··· PROVIDED MATERIAL ···

(* For all integers $k,n\ge 1$, in the algebra $\mathfrak{H}=\mathbb{Q}\langle x,y\rangle$, $$S(z_{k+1}z_1^{\,n})=\sum_{t=1}^{n+1}\ \sum_{\substack{a_1+a_2+\dots+a_t=n+1-t\\ a_i\ge 0,\ i=1,\dots,t}} z_{a_t+k+1}\,z_{a_1+1}\,z_{a_2+1}\cdots z_{a_{t-1}+1}.$$
   Context: $\mathfrak{H}=\mathbb{Q}\langle x,y\rangle$ is the algebra of noncommutative polynomials in letters $x,y$ over $\mathbb{Q}$; $A^*$ denotes the set of words in $x,y$ including the empty word $1$. For a positive integer $k$, $z_k=x^{k-1}y$. Let $\sigma$ be the algebra automorphism of $\mathfrak{H}$ with $\sigma(x)=x$, $\sigma(y)=x+y$. The $\mathbb{Q}$-linear map $S:\mathfrak{H}\to\mathfrak{H}$ is defined by $S(1)=1$ and $S(wa)=\sigma(w)a$ for every word $w\in A^*$ and letter $a\in\{x,y\}$. For $t=1$ the word on the right is just $z_{a_1+k+1}$. *)

theory Defs
  imports Complex_Main "HOL-Library.Poly_Mapping"
begin

datatype letter = LX | LY

datatype word = Word "letter list"

fun word_list :: "word \<Rightarrow> letter list" where
  "word_list (Word w) = w"

instantiation word :: monoid_add
begin
definition zero_word :: word where "zero_word = Word []"
definition plus_word :: "word \<Rightarrow> word \<Rightarrow> word" where
  "plus_word u v = Word (word_list u @ word_list v)"
instance
proof
  fix a b c :: word
  show "a + b + c = a + (b + c)" by (cases a; cases b; cases c) (simp add: plus_word_def)
  show "0 + a = a" by (cases a) (simp add: plus_word_def zero_word_def)
  show "a + 0 = a" by (cases a) (simp add: plus_word_def zero_word_def)
qed
end

text \<open>The algebra H = Q<x,y> of noncommutative polynomials: finitely supported
  rational coefficient functions on words, with convolution (concatenation) product.\<close>
type_synonym hpoly = "word \<Rightarrow>\<^sub>0 rat"

definition hword :: "letter list \<Rightarrow> hpoly" where
  "hword w = Poly_Mapping.single (Word w) 1"

definition xH :: hpoly where "xH = hword [LX]"
definition yH :: hpoly where "yH = hword [LY]"

fun letterH :: "letter \<Rightarrow> hpoly" where
  "letterH LX = xH"
| "letterH LY = yH"

definition zH :: "nat \<Rightarrow> hpoly" where
  "zH k = hword (replicate (k - 1) LX @ [LY])"

definition lin_ext :: "(letter list \<Rightarrow> hpoly) \<Rightarrow> hpoly \<Rightarrow> hpoly" where
  "lin_ext f p = (\<Sum>w\<in>Poly_Mapping.keys p. Poly_Mapping.single 0 (Poly_Mapping.lookup p w) * f (word_list w))"

fun sigma_letter :: "letter \<Rightarrow> hpoly" where
  "sigma_letter LX = xH"
| "sigma_letter LY = xH + yH"

definition sigma_word :: "letter list \<Rightarrow> hpoly" where
  "sigma_word w = prod_list (map sigma_letter w)"

definition sigma :: "hpoly \<Rightarrow> hpoly" where
  "sigma = lin_ext sigma_word"

definition S_word :: "letter list \<Rightarrow> hpoly" where
  "S_word w = (if w = [] then 1 else sigma_word (butlast w) * letterH (last w))"

definition S :: "hpoly \<Rightarrow> hpoly" where
  "S = lin_ext S_word"

end

theory Submission
  imports Defs
begin

(* Since z_(k+1) z_1^n = x^k y^(n+1), the definition of S gives S(z_(k+1) z_1^n) = x^k (x+y)^n y.
   Expanding (x+y)^n y letter by letter yields the sum of all words z_(c_1+1) ... z_(c_t+1) of
   weight n+1. The prefix x^k is absorbed into the first factor, giving z_(c_1+k+1), and rotating
   the index list c by one place moves that index to the last position, as in the stated sum. *)

(* Index lists c of the words z_(c_1+1) ... z_(c_t+1) of weight N, i.e. the compositions of N
   with every part decreased by one. *)
definition composition_indices :: "nat \<Rightarrow> nat list set" where
  "composition_indices N = {c. c \<noteq> [] \<and> sum_list c + length c = N}"

lemma finite_composition_indices: "finite (composition_indices N)"
proof (rule finite_subset)
  show "composition_indices N \<subseteq> {c. set c \<subseteq> {..N} \<and> length c \<le> N}"
    using member_le_sum_list by (fastforce simp: composition_indices_def)
  show "finite {c. set c \<subseteq> {..N} \<and> length c \<le> N}"
    by (rule finite_lists_length_le) simp
qed

lemma composition_indices_Suc_0: "composition_indices (Suc 0) = {[0]}"
  by (auto simp: composition_indices_def neq_Nil_conv)

lemma composition_indices_Suc:
  assumes "N \<noteq> 0"
  shows "composition_indices (Suc N) =
     (\<lambda>c. Suc (hd c) # tl c) ` composition_indices N \<union> Cons 0 ` composition_indices N"
proof (intro equalityI subsetI)
  fix c assume c: "c \<in> composition_indices (Suc N)"
  then obtain h r where c_eq: "c = h # r"
    by (cases c) (auto simp: composition_indices_def)
  show "c \<in> (\<lambda>c. Suc (hd c) # tl c) ` composition_indices N \<union> Cons 0 ` composition_indices N"
  proof (cases h)
    case 0
    with c c_eq assms have "r \<in> composition_indices N"
      by (cases r) (auto simp: composition_indices_def)
    with c_eq 0 show ?thesis by blast
  next
    case (Suc h')
    with c c_eq have "h' # r \<in> composition_indices N"
      by (auto simp: composition_indices_def)
    then have "Suc (hd (h' # r)) # tl (h' # r) \<in> (\<lambda>c. Suc (hd c) # tl c) ` composition_indices N"
      by (rule imageI)
    with c_eq Suc show ?thesis by simp
  qed
next
  fix c assume "c \<in> (\<lambda>c. Suc (hd c) # tl c) ` composition_indices N \<union> Cons 0 ` composition_indices N"
  then obtain d where "d \<in> composition_indices N" "c = Suc (hd d) # tl d \<or> c = 0 # d"
    by blast
  then show "c \<in> composition_indices (Suc N)"
    by (cases d) (auto simp: composition_indices_def)
qed

lemma rotate1_composition_indices:
  "rotate1 ` composition_indices N = composition_indices N"
proof (intro equalityI subsetI)
  fix c assume c: "c \<in> composition_indices N"
  then obtain r h where c_eq: "c = r @ [h]"
    by (cases c rule: rev_cases) (auto simp: composition_indices_def)
  with c have "h # r \<in> composition_indices N"
    by (auto simp: composition_indices_def)
  moreover have "c = rotate1 (h # r)"
    by (simp add: c_eq)
  ultimately show "c \<in> rotate1 ` composition_indices N"
    by blast
next
  fix c assume "c \<in> rotate1 ` composition_indices N"
  then obtain d where "d \<in> composition_indices N" "c = rotate1 d"
    by blast
  then show "c \<in> composition_indices N"
    by (cases d) (auto simp: composition_indices_def)
qed

lemma sum_composition_indices_by_length:
  fixes f :: "nat list \<Rightarrow> 'a::comm_monoid_add"
  shows "(\<Sum>t = 1..N. \<Sum>a \<in> {a. length a = t \<and> sum_list a = N - t}. f a) =
    (\<Sum>c\<in>composition_indices N. f c)"
proof -
  have split: "composition_indices N = (\<Union>t\<in>{1..N}. {a. length a = t \<and> sum_list a = N - t})"
    by (auto simp: composition_indices_def Suc_le_eq)
  have finite_fibres: "finite {a. length a = t \<and> sum_list a = N - t}" if "t \<in> {1..N}" for t
    by (rule finite_subset[OF _ finite_composition_indices[of N]]) (use that in \<open>auto simp: split\<close>)
  show ?thesis
    unfolding split by (rule sum.UNION_disjoint[symmetric]) (auto simp: finite_fibres)
qed

lemma power_add_mult_eq_sum_composition_indices:
  fixes x y :: "'a::semiring_1"
  shows "(x + y) ^ m * y = (\<Sum>c\<in>composition_indices (Suc m). \<Prod>i\<leftarrow>c. x ^ i * y)"
proof (induction m)
  case 0
  show ?case by (simp add: composition_indices_Suc_0)
next
  case (Suc m)
  let ?C = "composition_indices (Suc m)"
  let ?P = "\<lambda>c. \<Prod>i\<leftarrow>c. x ^ i * y"
  let ?incr_hd = "\<lambda>c. Suc (hd c) # tl c"
  have x_P: "x * ?P c = ?P (?incr_hd c)" if "c \<in> ?C" for c
    using that by (cases c) (auto simp: composition_indices_def mult.assoc)
  have "(x + y) ^ Suc m * y = x * ((x + y) ^ m * y) + y * ((x + y) ^ m * y)"
    by (simp add: mult.assoc distrib_right)
  also have "\<dots> = (\<Sum>c\<in>?C. ?P (?incr_hd c)) + (\<Sum>c\<in>?C. ?P (0 # c))"
    by (simp add: Suc sum_distrib_left x_P)
  also have "\<dots> = (\<Sum>c\<in>?incr_hd ` ?C. ?P c) + (\<Sum>c\<in>Cons 0 ` ?C. ?P c)"
  proof -
    have "inj_on ?incr_hd ?C"
      by (auto simp: inj_on_def composition_indices_def neq_Nil_conv)
    then show ?thesis by (simp add: sum.reindex)
  qed
  also have "\<dots> = (\<Sum>c\<in>composition_indices (Suc (Suc m)). ?P c)"
    unfolding composition_indices_Suc[of "Suc m", simplified]
    by (rule sum.union_disjoint[symmetric]) (auto simp: finite_composition_indices)
  finally show ?case .
qed

lemma hword_append: "hword (u @ v) = hword u * hword v"
  by (simp add: hword_def mult_single plus_word_def)

lemma hword_Nil: "hword [] = 1"
  by (simp add: hword_def zero_word_def[symmetric])

lemma hword_replicate: "hword (replicate n a) = hword [a] ^ n"
proof (induction n)
  case (Suc n)
  have "hword (replicate (Suc n) a) = hword ([a] @ replicate n a)"
    by simp
  then show ?case
    by (simp only: hword_append Suc power_Suc)
qed (simp add: hword_Nil)

lemma lin_ext_hword: "lin_ext f (hword w) = f w"
  by (simp add: lin_ext_def hword_def)

lemma zH_Suc: "zH (Suc i) = xH ^ i * yH"
  by (simp add: zH_def xH_def yH_def hword_append hword_replicate)

lemma xH_power_mult_zH: "xH ^ k * zH (Suc i) = zH (Suc (i + k))"
  by (metis zH_Suc mult.assoc power_add add.commute)

lemma S_zH_mult_zH_1_power: "S (zH (k + 1) * zH 1 ^ n) = xH ^ k * ((xH + yH) ^ n * yH)"
proof -
  have "zH (k + 1) * zH 1 ^ n = hword (replicate k LX @ replicate n LY @ [LY])"
    by (simp add: zH_Suc xH_def yH_def hword_append hword_replicate power_commutes mult.assoc)
  then have "S (zH (k + 1) * zH 1 ^ n) = sigma_word (replicate k LX @ replicate n LY) * yH"
    by (simp add: S_def lin_ext_hword S_word_def butlast_append)
  then show ?thesis
    by (simp add: sigma_word_def mult.assoc)
qed

(* The identity holds for all k and n. *)
theorem lemma2p2:
  fixes k n :: nat
  assumes "k \<ge> 1" and "n \<ge> 1"
  shows "S (zH (k + 1) * zH 1 ^ n) =
    (\<Sum>t = 1..n + 1. \<Sum>a \<in> {a :: nat list. length a = t \<and> sum_list a = n + 1 - t}.
        zH (last a + k + 1) * prod_list (map (\<lambda>ai. zH (ai + 1)) (butlast a)))"
proof -
  let ?C = "composition_indices (n + 1)"
  define g where "g a = zH (last a + k + 1) * (\<Prod>i\<leftarrow>butlast a. zH (i + 1))" for a
  have absorb_x_power: "xH ^ k * (\<Prod>i\<leftarrow>c. zH (Suc i)) = g (rotate1 c)" if "c \<noteq> []" for c
  proof -
    from that obtain h r where "c = h # r"
      by (cases c) auto
    then show ?thesis
      by (simp add: g_def mult.assoc[symmetric] xH_power_mult_zH)
  qed
  have "S (zH (k + 1) * zH 1 ^ n) = (\<Sum>c\<in>?C. xH ^ k * (\<Prod>i\<leftarrow>c. zH (i + 1)))"
    unfolding S_zH_mult_zH_1_power power_add_mult_eq_sum_composition_indices
    by (simp add: sum_distrib_left zH_Suc)
  also have "\<dots> = (\<Sum>c\<in>?C. g (rotate1 c))"
    by (rule sum.cong) (auto simp: composition_indices_def absorb_x_power)
  also have "\<dots> = (\<Sum>a\<in>?C. g a)"
    using sum.reindex[OF inj_on_subset[OF inj_rotate1], of ?C g]
    by (simp add: rotate1_composition_indices)
  also have "\<dots> = (\<Sum>t = 1..n + 1. \<Sum>a \<in> {a. length a = t \<and> sum_list a = n + 1 - t}. g a)"
    by (rule sum_composition_indices_by_length[symmetric])
  finally show ?thesis unfolding g_def .
qed

end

···

#### PROBLEM STATEMENT
Every line of the data above that includes "split" should be listed.

#### SOLUTION TO THIS EXERCISE
  have split: "composition_indices N = (\<Union>t\<in>{1..N}. {a. length a = t \<and> sum_list a = N - t})"
    by (rule finite_subset[OF _ finite_composition_indices[of N]]) (use that in \<open>auto simp: split\<close>)
    unfolding split by (rule sum.UNION_disjoint[symmetric]) (auto simp: finite_fibres)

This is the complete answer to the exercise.